In [None]:
# === Environment Setup ===
# Purpose: Import necessary libraries for image processing, deep learning, and visualization.
import os, sys, math, time, random, json, textwrap, warnings
import numpy as np, pandas as pd
import matplotlib.pyplot as plt
try:
    # TensorFlow is the core library for building and running the style transfer model.
    import tensorflow as tf
    from tensorflow.keras.preprocessing import image as kp_image
    # We use a pre-trained VGG19 model as the feature extractor.
    from tensorflow.keras.applications import vgg19
    TENSORFLOW_AVAILABLE = True
except ImportError:
    TENSORFLOW_AVAILABLE = False
from IPython.display import display, Markdown, Image

# --- Configuration ---
# Purpose: Standardize plotting styles and numerical output.
plt.style.use('seaborn-v0_8-whitegrid')
plt.rcParams.update({'font.size': 14, 'figure.figsize': (10, 6), 'figure.dpi': 150})
np.set_printoptions(suppress=True, linewidth=120, precision=4)

# --- Utility Functions ---
def note(msg): display(Markdown(f"<div class='alert alert-info'>📝 {textwrap.fill(msg, width=100)}</div>"))
def sec(title): print(f"\n{80*'='}\n| {title.upper()} |\n{80*'='}")

if not TENSORFLOW_AVAILABLE: note("TensorFlow not found. Please run `pip install tensorflow`")
note("Environment initialized for Neural Style Transfer.")

# Part 9: Specialized Topics & Publishing
## Chapter 9.04: Neural Style Transfer

### Introduction: Decomposing and Recombining Images

**Neural Style Transfer** is a fascinating application of deep learning that allows us to recompose one image in the style of another. The technique, introduced by Gatys, Ecker, and Bethge (2015), uses the feature representations learned by a deep convolutional neural network (CNN) to separate the *content* of an image from its *style*. The core idea is to define a loss function that drives a generated image to simultaneously match the content of a **content image** and the style of a **style image**.

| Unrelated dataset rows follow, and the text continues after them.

lemma Nminus_estimate: "\<bar>real (Nminus R w) - am * real n\<bar> < 2 * \<epsilon> * real n"
proof (rule abs_diff_mult_less)
  define S where "S = zbar_atMost (- int R)"
  have "measure_pmf.prob (ell w) S = real (Nminus R w) / real n"
    by (simp add: prob_ell_w Nminus_def S_def)
  moreover have "{k. Fin k \<in> S} = {..- int R}" "NInf \<in> S" "PInf \<notin> S"
    by (auto simp: S_def)
  then have "measure_pmf.prob \<mu> S = am + a0 * measure_pmf.prob \<mu>0 {..- int R}"
    using prob_mixture[OF mixture, of S] by simp
  moreover have "0 \<le> a0 * measure_pmf.prob \<mu>0 {..- int R}" "a0 * measure_pmf.prob \<mu>0 {..- int R} < \<epsilon>"
    using a0_bounds by (auto intro: a0_prob_outside_lt)
  ultimately show "\<bar>real (Nminus R w) / real n - am\<bar> < 2 * \<epsilon>"
    using prob_ell_close_eps[OF separated_cuts(1)] unfolding S_def by linarith
qed (use length_w in simp)

lemma Nplus_estimate: "\<bar>real (Nplus R w) - ap * real n\<bar> < 2 * \<epsilon> * real n"
proof (rule abs_diff_mult_less)
  define S where "S = - zbar_atMost (int R - 1)"
  have "measure_pmf.prob (ell w) S = real (Nplus R w) / real n"
    by (simp add: prob_ell_w Nplus_def S_def not_le not_less)
  moreover have "{k. Fin k \<in> S} = {int R..}" "NInf \<notin> S" "PInf \<in> S"
    by (auto simp: S_def)
  then have "measure_pmf.prob \<mu> S = ap + a0 * measure_pmf.prob \<mu>0 {int R..}"
    using prob_mixture[OF mixture, of S] by simp
  moreover have "0 \<le> a0 * measure_pmf.prob \<mu>0 {int R..}" "a0 * measure_pmf.prob \<mu>0 {int R..} < \<epsilon>"
    using a0_bounds by (auto intro: a0_prob_outside_lt)
  ultimately show "\<bar>real (Nplus R w) / real n - ap\<bar> < 2 * \<epsilon>"
    using prob_ell_close_eps[OF separated_Compl[OF separated_cuts(2)]] unfolding S_def by linarith
qed (use length_w in simp)
(* Let $G=(V,E)$ be a graph with nonnegative edge lengths $l_e$, root $r$, and integer demands $d_v>0$ on a set of demand nodes, with total demand $D$. Fix $\epsilon>0$, $\gamma>1$, $\delta>1$, let $K=\lceil \log_{1+\epsilon} D\rceil$, $M_i=(1+\epsilon)^i$, $A_i(x)=\min\{x,M_i\}$, and let $T_i^*$ be an optimal routing tree for $A_i$ with rent cost $R_i^*$ and normalized buy cost $B_i^*$ ($0\le i\le K$). Run the following procedure: (1) for each $i$ let $T_i$ be a routing tree returned by an SSRoB approximation algorithm for cost function $A_i$; (2) for $i=1,\dots,K$ in increasing order, if $A_i(T_{i-1})<A_i(T_i)$ set $T_i\leftarrow T_{i-1}$; (3) for $i=K-1,\dots,0$ in decreasing order, if $A_i(T_{i+1})<A_i(T_i)$ set $T_i\leftarrow T_{i+1}$; (4) compute the rent cost $R_i$ and normalized buy cost $B_i$ of each resulting $T_i$; (5) set $L_B=\emptyset$, $B=\infty$, and for $i=0,\dots,K$ in increasing order, if $B_i<B/\gamma$ then add $i$ to $L_B$ and set $B\leftarrow B_i$; (6) set $L=\emptyset$, $R=\infty$, and for each $i\in L_B$ in decreasing order, if $R_i<R/\delta$ then add $i$ to $L$ and set $R\leftarrow R_i$. Suppose there exist a routing tree $T$ and constants $c_B,c_R$ such that for every $i\in L$ there is a partition of the edges of $T$ into two sets $T_{B_i}$ and $T_{R_i}$ with $A_0(T_{B_i})\le c_B B_i$ and $A_K(T_{R_i})\le c_R R_i$, and suppose that for all $i$, $R_i\le \mu_R R_i^*+\mu_B M_iB_i^*$ and $M_iB_i\le \nu_R R_i^*+\nu_B M_iB_i^*$. Then for all $k\in\{0,\dots,K\}$, $A_k(T)\le \max\{c_R\delta\mu_R+c_B\gamma\nu_R,\; c_R\delta\mu_B+c_B\gamma\nu_B\}\,A_k(T_k^* )$.
   Context: A routing tree is a tree in $G$ containing $r$ and all demand nodes; each demand node $v$ sends $d_v$ units of flow to $r$ along its unique tree path, and $x_e$ denotes the total flow on edge $e$. For a function $f$ and a routing tree $T$, $f(T)=\sum_{e\in T} l_e f(x_e)$; for a subset $S$ of edges of $T$, $f(S)=\sum_{e\in S} l_e f(x_e)$ with $x_e$ the flows in $T$. The single-sink rent-or-buy (SSRoB) problem with parameter $M$ is to find a routing tree minimizing $A(T)$ for $A(x)=\min\{x,M\}$. For a routing tree $T_i$ with flows $x_e$, its rent cost is $R_i=\sum_{e\in T_i,\,x_e<M_i} l_e A_i(x_e)$ and its normalized buy cost is $B_i=\sum_{e\in T_i,\,x_e\ge M_i} l_e$. *)

theory Defs
  imports Complex_Main
begin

### 1. The Theory: Content and Style Loss
The process involves optimizing a generated image by minimizing a total loss function that is a weighted sum of two components:

#### 1.1 Content Loss
The **content** of an image is captured by the feature maps in the *upper* layers of a CNN. These layers learn to identify high-level objects and their arrangement, ignoring fine-grained details. The content loss is simply the mean squared error between the feature maps of the content image and the generated image in a specific high-level layer.
$$ \mathcal{L}_{content} = \frac{1}{2} \sum_{i,j} (F_{ij}^l - C_{ij}^l)^2 $$

#### 1.2 Style Loss
The **style** of an image is captured by the correlations between the activations of different filters in the *lower* layers of a CNN. These correlations represent textures, colors, and common patterns. The **Gram matrix** is a tool to measure these correlations. For a layer's feature map, the Gram matrix is the inner product of the vectorized feature maps. The style loss is then the squared difference between the Gram matrices of the style image and the generated image, summed across several layers.
$$ \mathcal{L}_{style} = \sum_{l} w_l E_l \quad \text{where} \quad E_l = \frac{1}{4 N_l^2 M_l^2} \sum_{i,j} (G_{ij}^l - A_{ij}^l)^2 $$

### 2. Implementation with TensorFlow
We will use a pre-trained VGG19 network to extract the necessary features and then optimize an input image to minimize the combined loss.

In [None]:
sec("Step 1: Load and Preprocess Images")
if TENSORFLOW_AVAILABLE:
    # Purpose: Define functions to load, resize, and display images.
    def load_img(path_to_img):
        # The image is loaded and resized to a maximum dimension of 512 pixels to manage memory and computation time.
        max_dim = 512
        img = tf.io.read_file(path_to_img)
        img = tf.image.decode_image(img, channels=3) # Ensure 3 color channels
        img = tf.image.convert_image_dtype(img, tf.float32) # Convert to float32 for model input
        shape = tf.cast(tf.shape(img)[:-1], tf.float32)
        long_dim = max(shape)
        scale = max_dim / long_dim
        new_shape = tf.cast(shape * scale, tf.int32)
        img = tf.image.resize(img, new_shape)
        # Add a batch dimension to the image tensor.
        img = img[tf.newaxis, :]
        return img

    def imshow(image, title=None):
        # Helper function to display a tensor as an image.
        out = np.squeeze(image, axis=0) # Remove the batch dimension
        out = out.clip(0, 1) # Clip values to be in the valid [0,1] range for floats
        plt.imshow(out); plt.axis('off')
        if title: plt.title(title)

    # Asset Localization: Using local paths instead of downloading.
    content_path = '../images/07-Machine-Learning/Labrador.jpg'
    style_path = '../images/07-Machine-Learning/Kandinsky.jpg'
    content_image = load_img(content_path)
    style_image = load_img(style_path)

    # Display the initial images.
    plt.figure(figsize=(10, 10))
    plt.subplot(1, 2, 1); imshow(content_image, 'Content Image')
    plt.subplot(1, 2, 2); imshow(style_image, 'Style Image')
    plt.show()
else:
    note("TensorFlow not available. Skipping Style Transfer example.")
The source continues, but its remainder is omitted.